Each line from the beginning of the data below through the line containing "x))^2 = l2inner" should be repeated exactly, please.

[[ Records shown open ]]

lemma l2norm_add_mult_le:
  assumes "L2_Rplus f" "L2_Rplus g"
  shows "l2norm (\<lambda>x. f x + c * g x) \<le> l2norm f + \<bar>c\<bar> * l2norm g"
proof (rule power2_le_imp_le)
  have "(l2norm (\<lambda>x. f x + c * g x))^2 = l2inner f f + 2 * c * l2inner f g + c^2 * l2inner g g"
    using l2inner_lincomb_self[OF assms, of 1 c] by (simp add: l2norm_power2)
  also have "\<dots> \<le> (l2norm f)^2 + 2 * \<bar>c\<bar> * (l2norm f * l2norm g) + c^2 * (l2norm g)^2"
  proof -
    have "c * l2inner f g \<le> \<bar>c\<bar> * \<bar>l2inner f g\<bar>"
      by (metis abs_ge_self abs_mult)
    also have "\<dots> \<le> \<bar>c\<bar> * (l2norm f * l2norm g)"
      using Cauchy_Schwarz_l2inner[OF assms] by (simp add: mult_left_mono)
    finally show ?thesis by (simp add: l2norm_power2)
  qed
  also have "\<dots> = (l2norm f + \<bar>c\<bar> * l2norm g)^2"
    by (simp add: power2_eq_square algebra_simps)
  finally show "(l2norm (\<lambda>x. f x + c * g x))^2 \<le> (l2norm f + \<bar>c\<bar> * l2norm g)^2" .
qed (simp add: l2norm_nonneg)

text \<open>If \<open>\<psi>\<close> has norm 0, the coefficient is 0 by division by zero, and the claim follows from
  Cauchy-Schwarz.\<close>

lemma l2inner_remove_component:
  assumes "L2_Rplus h" "L2_Rplus \<psi>"
  shows "l2inner (\<lambda>x. h x - l2inner h \<psi> / l2inner \<psi> \<psi> * \<psi> x) \<psi> = 0"
proof -
  let ?c = "l2inner h \<psi> / l2inner \<psi> \<psi>"
  have "l2inner (\<lambda>x. h x - ?c * \<psi> x) \<psi> = l2inner h \<psi> - ?c * l2inner \<psi> \<psi>"
    using l2inner_lincomb_left[OF assms assms(2), of 1 "- ?c"] by simp
  moreover have "l2inner h \<psi> = 0" if "l2inner \<psi> \<psi> = 0"
    using Cauchy_Schwarz_l2inner[OF assms] that by (simp add: l2norm_eq_sqrt_l2inner)
  ultimately show ?thesis
    by (cases "l2inner \<psi> \<psi> = 0") simp_all
qed

section \<open>Polynomials times the Laguerre weight\<close>

definition exp_poly :: "real \<Rightarrow> real poly \<Rightarrow> real \<Rightarrow> real" where
  "exp_poly \<beta> p x = exp (- \<beta> * x / 2) * poly p x"

lemma Phat_eq: "Phat \<beta> K = {exp_poly \<beta> p | p. degree p \<le> K}"
  unfolding Phat_def exp_poly_def[abs_def] by blast

lemma exp_poly_add: "exp_poly \<beta> p x + exp_poly \<beta> q x = exp_poly \<beta> (p + q) x"
  and exp_poly_diff: "exp_poly \<beta> p x - exp_poly \<beta> q x = exp_poly \<beta> (p - q) x"
  and exp_poly_smult: "c * exp_poly \<beta> p x = exp_poly \<beta> (smult c p) x"
  and exp_poly_at_0: "exp_poly \<beta> p 0 = poly p 0"
  by (simp_all add: exp_poly_def algebra_simps)

lemma continuous_on_exp_poly: "continuous_on A (exp_poly \<beta> p)"
  unfolding exp_poly_def[abs_def] by (intro continuous_intros) auto

lemma has_real_derivative_exp_poly:
  "(exp_poly \<beta> p has_real_derivative exp_poly \<beta> (pderiv p - smult (\<beta>/2) p) x) (at x)"
proof -
  have "((\<lambda>x. exp (- \<beta> * x / 2) * poly p x) has_real_derivative
      exp (- \<beta> * x / 2) * (- \<beta> / 2) * poly p x + exp (- \<beta> * x / 2) * poly (pderiv p) x) (at x)"
    by (auto intro!: derivative_eq_intros poly_DERIV)
  then show ?thesis
    unfolding exp_poly_def[abs_def] by (simp add: algebra_simps)
qed

lemma deriv_exp_poly: "deriv (exp_poly \<beta> p) = exp_poly \<beta> (pderiv p - smult (\<beta>/2) p)"
  using has_real_derivative_exp_poly DERIV_imp_deriv by blast

lemma set_integral_exp_poly_deriv:
  assumes "x \<ge> 0"
  shows "(LINT t:{0..x}|lborel. deriv (exp_poly \<beta> p) t) = exp_poly \<beta> p x - exp_poly \<beta> p 0"
  unfolding set_lebesgue_integral_def deriv_exp_poly
proof (rule integral_FTC_atLeastAtMost[OF assms])
  show "(exp_poly \<beta> p has_vector_derivative exp_poly \<beta> (pderiv p - smult (\<beta>/2) p) t) (at t within {0..x})" for t
    using has_real_derivative_exp_poly
    by (simp add: has_real_derivative_iff_has_vector_derivative[symmetric] has_field_derivative_at_within)
qed (rule continuous_on_exp_poly)

lemma set_integrable_power_exp:
  assumes "b > 0"
  shows "set_integrable lborel {0..} (\<lambda>x::real. x^k * exp (-b*x))"
proof -
  have "integrable lborel (\<lambda>x::real. x^k * exp (-x) * indicator {0..} x)"
  proof (rule integrableI_nn_integral_finite)
    show "(\<integral>\<^sup>+x. ennreal (x^k * exp (-x) * indicator {0..} x) \<partial>lborel) = ennreal (fact k)"
      using nn_intergal_power_times_exp_Ici[of k]
      by (subst nn_integral_cong[where v="\<lambda>x. ennreal (x^k * exp (-x)) * indicator {0 ..} x"])
         (auto split: split_indicator)
  qed (auto split: split_indicator)
  then have "integrable lborel (\<lambda>x. (\<lambda>y::real. y^k * exp (-y) * indicator {0..} y) (0 + b * x))"
    by (rule lborel_integrable_real_affine) (use assms in auto)
  then have "integrable lborel (\<lambda>x. (1 / b^k) * ((b*x)^k * exp (-(b*x)) * indicator {0..} (b*x)))"
    by simp
  moreover have "(\<lambda>x. (1 / b^k) * ((b*x)^k * exp (-(b*x)) * indicator {0..} (b*x))) =
     (\<lambda>x. indicator {0..} x *\<^sub>R (x^k * exp (-b*x)))"
    using assms by (auto simp: fun_eq_iff power_mult_distrib zero_le_mult_iff split: split_indicator)
  ultimately show ?thesis unfolding set_integrable_def by simp
qed

lemma set_integrable_exp_times_poly:
  assumes "b > 0"
  shows "set_integrable lborel {0..} (\<lambda>x::real. exp (-b*x) * poly p x)"
proof -
  have "set_integrable lborel {0..} (\<lambda>x::real. \<Sum>i\<le>degree p. coeff p i * (x^i * exp (-b*x)))"
  proof -
    have "set_integrable lborel {0..} (\<lambda>x::real. coeff p i * (x^i * exp (-b*x)))" for i
      by (intro set_integrable_mult_right set_integrable_power_exp assms)
    then show ?thesis
      unfolding set_integrable_def scaleR_sum_right by (intro Bochner_Integration.integrable_sum) blast
  qed
  moreover have "(\<lambda>x::real. \<Sum>i\<le>degree p. coeff p i * (x^i * exp (-b*x))) = (\<lambda>x. exp (-b*x) * poly p x)"
    by (auto simp: fun_eq_iff poly_altdef sum_distrib_left mult_ac)
  ultimately show ?thesis by simp
qed

lemma L2_Rplus_exp_poly:
  assumes "\<beta> > 0"
  shows "L2_Rplus (exp_poly \<beta> p)"
  unfolding L2_Rplus_def set_borel_measurable_def
proof
  have "exp_poly \<beta> p \<in> borel_measurable borel"
    by (rule borel_measurable_continuous_onI[OF continuous_on_exp_poly])
  then show "(\<lambda>x. indicator {0..} x *\<^sub>R exp_poly \<beta> p x) \<in> borel_measurable lborel"
    by measurable
  have "(\<lambda>x. (exp_poly \<beta> p x)^2) = (\<lambda>x. exp (- \<beta> * x) * poly (p * p) x)"
    by (simp add: fun_eq_iff exp_poly_def power2_eq_square mult_ac flip: exp_add)
  then show "set_integrable lborel {0..} (\<lambda>x. (exp_poly \<beta> p x)\<^sup>2)"
    using set_integrable_exp_times_poly[OF assms, of "p * p"] by (simp only:)
qed

lemma Phat_L2_Rplus: "\<beta> > 0 \<Longrightarrow> f \<in> Phat \<beta> K \<Longrightarrow> L2_Rplus f"
  unfolding Phat_eq using L2_Rplus_exp_poly by auto

lemma Phat_lincomb:
  assumes "f \<in> Phat \<beta> K" "g \<in> Phat \<beta> K"
  shows "(\<lambda>x. a * f x + c * g x) \<in> Phat \<beta> K"
proof -
  obtain p q where "degree p \<le> K" "f = exp_poly \<beta> p" "degree q \<le> K" "g = exp_poly \<beta> q"
    using assms unfolding Phat_eq by auto
  moreover have "degree (smult a p + smult c q) \<le> max (degree p) (degree q)"
    by (meson degree_add_le degree_smult_le max.cobounded1 max.cobounded2 order_trans)
  ultimately show ?thesis
    unfolding Phat_eq by (auto simp: exp_poly_smult exp_poly_add intro!: exI[of _ "smult a p + smult c q"])
qed

lemma l2inner_exp_poly_self_eq_0_iff:
  assumes "\<beta> > 0"
  shows "l2inner (exp_poly \<beta> p) (exp_poly \<beta> p) = 0 \<longleftrightarrow> p = 0"
proof
  assume "l2inner (exp_poly \<beta> p) (exp_poly \<beta> p) = 0"
  then have "AE x in Rplus. (exp_poly \<beta> p x)^2 = 0"
    using L2_Rplus_exp_poly[OF assms, of p]
    by (subst integral_nonneg_eq_0_iff_AE[symmetric]) (auto simp: L2_Rplus_iff l2inner_eq_integral power2_eq_square)
  then have roots: "AE x in lborel. x \<in> {0..} \<longrightarrow> poly p x = 0"
    by (simp add: AE_restrict_space_iff exp_poly_def)
  show "p = 0"
  proof (rule ccontr)
    assume "p \<noteq> 0"
    then have "AE x in lborel. poly p x \<noteq> 0"
      using AE_not_in[OF finite_imp_null_set_lborel[OF poly_roots_finite]] by simp
    with roots have "AE x in lborel. x \<notin> {0..1::real}"
      by eventually_elim auto
    then have "{0..1::real} \<in> null_sets lborel"
      by (subst AE_iff_null_sets) auto
    then show False
      using null_setsD1 by fastforce
  qed
qed (simp add: l2inner_def exp_poly_def)

lemma deriv_Phat:
  assumes "f \<in> Phat \<beta> K"
  shows "deriv f \<in> Phat \<beta> K"
proof -
  obtain p where p: "degree p \<le> K" "f = exp_poly \<beta> p"
    using assms unfolding Phat_eq by blast
  then have "degree (pderiv p - smult (\<beta>/2) p) \<le> K"
    by (intro degree_diff_le) (auto simp: degree_pderiv)
  then show ?thesis
    unfolding Phat_eq p(2) deriv_exp_poly by blast
qed

lemma deriv_diff_Phat:
  assumes "f \<in> Phat \<beta> K" "g \<in> Phat \<beta> K"
  shows "deriv (\<lambda>x. f x - g x) = (\<lambda>x. deriv f x - deriv g x)"
proof -
  have "exp_poly \<beta> p field_differentiable at x" for p x
    using has_real_derivative_exp_poly field_differentiable_def by blast
  moreover obtain p q where fg: "f = exp_poly \<beta> p" "g = exp_poly \<beta> q"
    using assms unfolding Phat_eq by blast
  ultimately show ?thesis
    unfolding fg by (simp add: fun_eq_iff)
qed

lemma P0hat_diff: "f \<in> P0hat \<beta> N \<Longrightarrow> g \<in> P0hat \<beta> N \<Longrightarrow> (\<lambda>x. f x - g x) \<in> P0hat \<beta> N"
  unfolding P0hat_def using Phat_lincomb[of f \<beta> N g 1 "- 1"] by simp

lemma poly_antiderivative_exists:
  fixes p :: "real poly"
  obtains q where "pderiv q = p" "poly q 0 = 0" "degree q \<le> Suc (degree p)"
proof
  define q where "q = Poly (0 # map (\<lambda>i. coeff p i / real (Suc i)) [0..<Suc (degree p)])"
  have coeff_q: "coeff q (Suc i) = coeff p i / real (Suc i)" for i
    unfolding q_def by (cases "i \<le> degree p") (auto simp: nth_default_def coeff_eq_0 nth_append)
  show "pderiv q = p"
    by (rule poly_eqI) (simp add: coeff_pderiv coeff_q)
  show "poly q 0 = 0"
    unfolding q_def by (simp add: poly_0_coeff_0 nth_default_def)
  show "degree q \<le> Suc (degree p)"
    by (rule degree_le) (auto simp: coeff_q coeff_eq_0 gr0_conv_Suc dest!: less_imp_Suc_add)
qed

lemma P0hat_deriv_plus_eq:
  assumes "N \<ge> 1" "r \<in> Phat \<beta> (N - 1)"
  obtains \<phi> where "\<phi> \<in> P0hat \<beta> N" "\<And>x. deriv \<phi> x + \<beta>/2 * \<phi> x = r x"
proof -
  obtain p where p: "degree p \<le> N - 1" "r = exp_poly \<beta> p"
    using assms(2) unfolding Phat_eq by blast
  obtain q where q: "pderiv q = p" "poly q 0 = 0" "degree q \<le> Suc (degree p)"
    by (rule poly_antiderivative_exists)
  have "exp_poly \<beta> q \<in> P0hat \<beta> N"
    using q p(1) assms(1) unfolding P0hat_def Phat_eq by (auto simp: exp_poly_at_0)
  moreover have "deriv (exp_poly \<beta> q) x + \<beta>/2 * exp_poly \<beta> q x = r x" for x
    by (simp add: deriv_exp_poly p(2) q(1) exp_poly_def algebra_simps)
  ultimately show ?thesis
    using that by blast
qed

section \<open>Existence of the $L^2$ projection\<close>

definition is_l2proj :: "(real \<Rightarrow> real) set \<Rightarrow> (real \<Rightarrow> real) \<Rightarrow> (real \<Rightarrow> real) \<Rightarrow> bool" where
  "is_l2proj S f g \<longleftrightarrow> g \<in> S \<and> (\<forall>v\<in>S. l2inner (\<lambda>x. f x - g x) v = 0)"

definition extend_by :: "(real \<Rightarrow> real) set \<Rightarrow> (real \<Rightarrow> real) \<Rightarrow> (real \<Rightarrow> real) set" where
  "extend_by S e = {\<lambda>x. s x + c * e x | s c. s \<in> S}"

lemma is_l2proj_extend_by:
  assumes S_lincomb: "\<And>f g a c. f \<in> S \<Longrightarrow> g \<in> S \<Longrightarrow> (\<lambda>x. a * f x + c * g x) \<in> S"
    and S_L2: "\<And>f. f \<in> S \<Longrightarrow> L2_Rplus f"
    and S_proj: "\<And>f. L2_Rplus f \<Longrightarrow> \<exists>g. is_l2proj S f g"
    and "L2_Rplus e" "L2_Rplus f"
  shows "\<exists>g. is_l2proj (extend_by S e) f g"
proof -
  obtain ge where ge: "is_l2proj S e ge"
    using S_proj[OF \<open>L2_Rplus e\<close>] by blast
  obtain g0 where g0: "is_l2proj S f g0"
    using S_proj[OF \<open>L2_Rplus f\<close>] by blast
  define \<psi> where "\<psi> x = e x - ge x" for x
  define h where "h x = f x - g0 x" for x
  define c0 where "c0 = l2inner h \<psi> / l2inner \<psi> \<psi>"
  define r where "r x = h x - c0 * \<psi> x" for x
  have L2: "L2_Rplus \<psi>" "L2_Rplus h"
    using S_L2 ge g0 \<open>L2_Rplus e\<close> \<open>L2_Rplus f\<close>
    unfolding \<psi>_def[abs_def] h_def[abs_def] is_l2proj_def by (auto intro: L2_Rplus_diff)
  then have "L2_Rplus r"
    using L2_Rplus_lincomb[of h \<psi> 1 "- c0"] by (simp add: r_def[abs_def])
  have r_perp_S: "l2inner r s = 0" if "s \<in> S" for s
    using ge g0 that L2 S_L2 l2inner_lincomb_left[of h \<psi> s 1 "- c0"]
    unfolding is_l2proj_def \<psi>_def[symmetric] h_def[symmetric] r_def[abs_def] by simp
  have r_perp_\<psi>: "l2inner r \<psi> = 0"
    using l2inner_remove_component[OF L2(2,1)] by (simp add: r_def[abs_def] c0_def)
  define g where "g x = (g0 x - c0 * ge x) + c0 * e x" for x
  have "is_l2proj (extend_by S e) f g"
    unfolding is_l2proj_def extend_by_def
  proof (intro conjI ballI)
    have "(\<lambda>x. 1 * g0 x + (- c0) * ge x) \<in> S"
      using S_lincomb g0 ge unfolding is_l2proj_def by blast
    then show "g \<in> {\<lambda>x. s x + c * e x | s c. s \<in> S}"
      unfolding g_def[abs_def] by force
  next
    fix v assume "v \<in> {\<lambda>x. s x + c * e x | s c. s \<in> S}"
    then obtain s c where "s \<in> S" and v: "v = (\<lambda>x. 1 * (s x + c * ge x) + c * \<psi> x)"
      by (auto simp: \<psi>_def algebra_simps)
    moreover have "(\<lambda>x. 1 * s x + c * ge x) \<in> S"
      using S_lincomb \<open>s \<in> S\<close> ge unfolding is_l2proj_def by blast
    moreover have "(\<lambda>x. f x - g x) = r"
      by (auto simp: r_def h_def \<psi>_def g_def algebra_simps)
    ultimately show "l2inner (\<lambda>x. f x - g x) v = 0"
      using l2inner_lincomb_right[of "\<lambda>x. 1 * s x + c * ge x" \<psi> r 1 c] L2 \<open>L2_Rplus r\<close> S_L2 r_perp_S r_perp_\<psi>
      by simp
  qed
  then show ?thesis by blast
qed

[[ Records shown closed ]]

— Answer box —
lemma l2norm_add_mult_le:
  assumes "L2_Rplus f" "L2_Rplus g"
  shows "l2norm (\<lambda>x. f x + c * g x) \<le> l2norm f + \<bar>c\<bar> * l2norm g"
proof (rule power2_le_imp_le)
  have "(l2norm (\<lambda>x. f x + c * g x))^2 = l2inner f f + 2 * c * l2inner f g + c^2 * l2inner g g"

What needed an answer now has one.